- WHAT THIS TASK INVOLVES
Please return each entry in the listing exactly.

-.-.-

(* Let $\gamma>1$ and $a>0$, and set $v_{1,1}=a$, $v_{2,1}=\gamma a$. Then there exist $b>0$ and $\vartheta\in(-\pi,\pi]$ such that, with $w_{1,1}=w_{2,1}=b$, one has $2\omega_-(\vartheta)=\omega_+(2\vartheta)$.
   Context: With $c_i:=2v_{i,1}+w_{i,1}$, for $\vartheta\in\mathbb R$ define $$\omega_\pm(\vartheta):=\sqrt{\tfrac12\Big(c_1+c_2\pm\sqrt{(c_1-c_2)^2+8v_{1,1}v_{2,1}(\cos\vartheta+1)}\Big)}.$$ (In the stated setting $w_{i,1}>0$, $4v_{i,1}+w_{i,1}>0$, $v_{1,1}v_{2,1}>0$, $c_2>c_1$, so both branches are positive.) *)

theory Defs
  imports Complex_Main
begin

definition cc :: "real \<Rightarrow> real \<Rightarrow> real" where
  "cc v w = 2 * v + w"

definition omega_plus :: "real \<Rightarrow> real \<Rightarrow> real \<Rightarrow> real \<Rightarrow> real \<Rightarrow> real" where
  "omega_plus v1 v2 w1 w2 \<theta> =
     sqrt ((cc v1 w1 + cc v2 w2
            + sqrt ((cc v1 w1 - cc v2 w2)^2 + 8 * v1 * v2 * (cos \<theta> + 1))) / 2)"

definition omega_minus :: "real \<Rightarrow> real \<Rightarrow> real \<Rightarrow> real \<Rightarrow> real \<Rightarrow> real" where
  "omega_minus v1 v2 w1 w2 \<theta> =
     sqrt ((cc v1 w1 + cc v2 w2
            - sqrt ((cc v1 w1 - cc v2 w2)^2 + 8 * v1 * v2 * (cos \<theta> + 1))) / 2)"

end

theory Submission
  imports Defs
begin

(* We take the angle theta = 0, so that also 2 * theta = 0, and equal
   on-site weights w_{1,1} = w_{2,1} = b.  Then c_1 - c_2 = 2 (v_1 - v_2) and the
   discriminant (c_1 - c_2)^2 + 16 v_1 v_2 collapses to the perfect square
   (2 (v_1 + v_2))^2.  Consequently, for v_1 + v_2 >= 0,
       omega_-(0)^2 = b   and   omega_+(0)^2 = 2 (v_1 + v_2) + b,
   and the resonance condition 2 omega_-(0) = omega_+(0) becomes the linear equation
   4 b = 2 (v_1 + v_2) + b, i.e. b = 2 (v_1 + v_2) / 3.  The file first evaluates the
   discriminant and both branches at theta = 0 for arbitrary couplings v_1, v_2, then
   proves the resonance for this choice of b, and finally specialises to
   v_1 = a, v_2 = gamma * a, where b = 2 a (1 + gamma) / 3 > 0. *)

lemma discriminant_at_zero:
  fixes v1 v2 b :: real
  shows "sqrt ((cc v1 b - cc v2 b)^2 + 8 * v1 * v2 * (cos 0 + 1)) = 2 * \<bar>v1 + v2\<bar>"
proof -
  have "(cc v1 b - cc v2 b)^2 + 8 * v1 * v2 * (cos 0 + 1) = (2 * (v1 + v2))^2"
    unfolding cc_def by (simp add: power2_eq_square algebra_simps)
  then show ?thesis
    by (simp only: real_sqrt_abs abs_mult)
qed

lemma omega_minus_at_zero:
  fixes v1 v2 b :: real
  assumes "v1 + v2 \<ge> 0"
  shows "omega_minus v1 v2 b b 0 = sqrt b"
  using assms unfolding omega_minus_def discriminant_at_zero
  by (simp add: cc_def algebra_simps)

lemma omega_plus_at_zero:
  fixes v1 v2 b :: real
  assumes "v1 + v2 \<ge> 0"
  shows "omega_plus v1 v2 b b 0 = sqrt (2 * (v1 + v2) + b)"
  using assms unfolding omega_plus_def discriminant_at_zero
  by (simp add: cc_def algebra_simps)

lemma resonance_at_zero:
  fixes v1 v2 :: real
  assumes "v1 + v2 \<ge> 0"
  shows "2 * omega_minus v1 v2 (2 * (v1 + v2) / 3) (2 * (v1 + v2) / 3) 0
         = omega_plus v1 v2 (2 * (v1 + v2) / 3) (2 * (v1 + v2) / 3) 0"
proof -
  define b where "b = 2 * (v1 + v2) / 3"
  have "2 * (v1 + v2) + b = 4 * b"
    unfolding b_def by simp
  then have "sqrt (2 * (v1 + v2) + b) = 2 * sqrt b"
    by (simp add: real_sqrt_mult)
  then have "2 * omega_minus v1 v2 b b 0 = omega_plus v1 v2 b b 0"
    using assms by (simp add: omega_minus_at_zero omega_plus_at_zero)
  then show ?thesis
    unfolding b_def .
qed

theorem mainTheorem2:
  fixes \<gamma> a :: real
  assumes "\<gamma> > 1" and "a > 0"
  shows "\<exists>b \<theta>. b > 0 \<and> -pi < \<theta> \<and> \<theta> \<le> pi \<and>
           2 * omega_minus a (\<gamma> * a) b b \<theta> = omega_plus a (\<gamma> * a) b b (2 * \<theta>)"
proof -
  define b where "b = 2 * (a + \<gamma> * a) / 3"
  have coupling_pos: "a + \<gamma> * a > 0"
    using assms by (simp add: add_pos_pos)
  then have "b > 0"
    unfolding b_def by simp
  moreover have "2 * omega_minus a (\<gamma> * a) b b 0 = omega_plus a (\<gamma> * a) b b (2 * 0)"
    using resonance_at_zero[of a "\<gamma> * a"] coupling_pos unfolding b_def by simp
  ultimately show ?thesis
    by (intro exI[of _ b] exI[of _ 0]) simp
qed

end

-.-.-

- WRITTEN REPLY
(* Let $\gamma>1$ and $a>0$, and set $v_{1,1}=a$, $v_{2,1}=\gamma a$. Then there exist $b>0$ and $\vartheta\in(-\pi,\pi]$ such that, with $w_{1,1}=w_{2,1}=b$, one has $2\omega_-(\vartheta)=\omega_+(2\vartheta)$.
   Context: With $c_i:=2v_{i,1}+w_{i,1}$, for $\vartheta\in\mathbb R$ define $$\omega_\pm(\vartheta):=\sqrt{\tfrac12\Big(c_1+c_2\pm\sqrt{(c_1-c_2)^2+8v_{1,1}v_{2,1}(\cos\vartheta+1)}\Big)}.$$ (In the stated setting $w_{i,1}>0$, $4v_{i,1}+w_{i,1}>0$, $v_{1,1}v_{2,1}>0$, $c_2>c_1$, so both branches are positive.) *)

theory Defs
  imports Complex_Main
begin

definition cc :: "real \<Rightarrow> real \<Rightarrow> real" where
  "cc v w = 2 * v + w"

definition omega_plus :: "real \<Rightarrow> real \<Rightarrow> real \<Rightarrow> real \<Rightarrow> real \<Rightarrow> real" where
  "omega_plus v1 v2 w1 w2 \<theta> =
     sqrt ((cc v1 w1 + cc v2 w2
            + sqrt ((cc v1 w1 - cc v2 w2)^2 + 8 * v1 * v2 * (cos \<theta> + 1))) / 2)"

definition omega_minus :: "real \<Rightarrow> real \<Rightarrow> real \<Rightarrow> real \<Rightarrow> real \<Rightarrow> real" where
  "omega_minus v1 v2 w1 w2 \<theta> =
     sqrt ((cc v1 w1 + cc v2 w2
            - sqrt ((cc v1 w1 - cc v2 w2)^2 + 8 * v1 * v2 * (cos \<theta> + 1))) / 2)"

end

theory Submission
  imports Defs
begin

(* We take the angle theta = 0, so that also 2 * theta = 0, and equal
   on-site weights w_{1,1} = w_{2,1} = b.  Then c_1 - c_2 = 2 (v_1 - v_2) and the
   discriminant (c_1 - c_2)^2 + 16 v_1 v_2 collapses to the perfect square
   (2 (v_1 + v_2))^2.  Consequently, for v_1 + v_2 >= 0,
       omega_-(0)^2 = b   and   omega_+(0)^2 = 2 (v_1 + v_2) + b,
   and the resonance condition 2 omega_-(0) = omega_+(0) becomes the linear equation
   4 b = 2 (v_1 + v_2) + b, i.e. b = 2 (v_1 + v_2) / 3.  The file first evaluates the
   discriminant and both branches at theta = 0 for arbitrary couplings v_1, v_2, then
   proves the resonance for this choice of b, and finally specialises to
   v_1 = a, v_2 = gamma * a, where b = 2 a (1 + gamma) / 3 > 0. *)

lemma discriminant_at_zero:
  fixes v1 v2 b :: real
  shows "sqrt ((cc v1 b - cc v2 b)^2 + 8 * v1 * v2 * (cos 0 + 1)) = 2 * \<bar>v1 + v2\<bar>"
proof -
  have "(cc v1 b - cc v2 b)^2 + 8 * v1 * v2 * (cos 0 + 1) = (2 * (v1 + v2))^2"
    unfolding cc_def by (simp add: power2_eq_square algebra_simps)
  then show ?thesis
    by (simp only: real_sqrt_abs abs_mult)
qed

lemma omega_minus_at_zero:
  fixes v1 v2 b :: real
  assumes "v1 + v2 \<ge> 0"
  shows "omega_minus v1 v2 b b 0 = sqrt b"
  using assms unfolding omega_minus_def discriminant_at_zero
  by (simp add: cc_def algebra_simps)

lemma omega_plus_at_zero:
  fixes v1 v2 b :: real
  assumes "v1 + v2 \<ge> 0"
  shows "omega_plus v1 v2 b b 0 = sqrt (2 * (v1 + v2) + b)"
  using assms unfolding omega_plus_def discriminant_at_zero
  by (simp add: cc_def algebra_simps)

lemma resonance_at_zero:
  fixes v1 v2 :: real
  assumes "v1 + v2 \<ge> 0"
  shows "2 * omega_minus v1 v2 (2 * (v1 + v2) / 3) (2 * (v1 + v2) / 3) 0
         = omega_plus v1 v2 (2 * (v1 + v2) / 3) (2 * (v1 + v2) / 3) 0"
proof -
  define b where "b = 2 * (v1 + v2) / 3"
  have "2 * (v1 + v2) + b = 4 * b"
    unfolding b_def by simp
  then have "sqrt (2 * (v1 + v2) + b) = 2 * sqrt b"
    by (simp add: real_sqrt_mult)
  then have "2 * omega_minus v1 v2 b b 0 = omega_plus v1 v2 b b 0"
    using assms by (simp add: omega_minus_at_zero omega_plus_at_zero)
  then show ?thesis
    unfolding b_def .
qed

theorem mainTheorem2:
  fixes \<gamma> a :: real
  assumes "\<gamma> > 1" and "a > 0"
  shows "\<exists>b \<theta>. b > 0 \<and> -pi < \<theta> \<and> \<theta> \<le> pi \<and>
           2 * omega_minus a (\<gamma> * a) b b \<theta> = omega_plus a (\<gamma> * a) b b (2 * \<theta>)"
proof -
  define b where "b = 2 * (a + \<gamma> * a) / 3"
  have coupling_pos: "a + \<gamma> * a > 0"
    using assms by (simp add: add_pos_pos)
  then have "b > 0"
    unfolding b_def by simp
  moreover have "2 * omega_minus a (\<gamma> * a) b b 0 = omega_plus a (\<gamma> * a) b b (2 * 0)"
    using resonance_at_zero[of a "\<gamma> * a"] coupling_pos unfolding b_def by simp
  ultimately show ?thesis
    by (intro exI[of _ b] exI[of _ 0]) simp
qed

end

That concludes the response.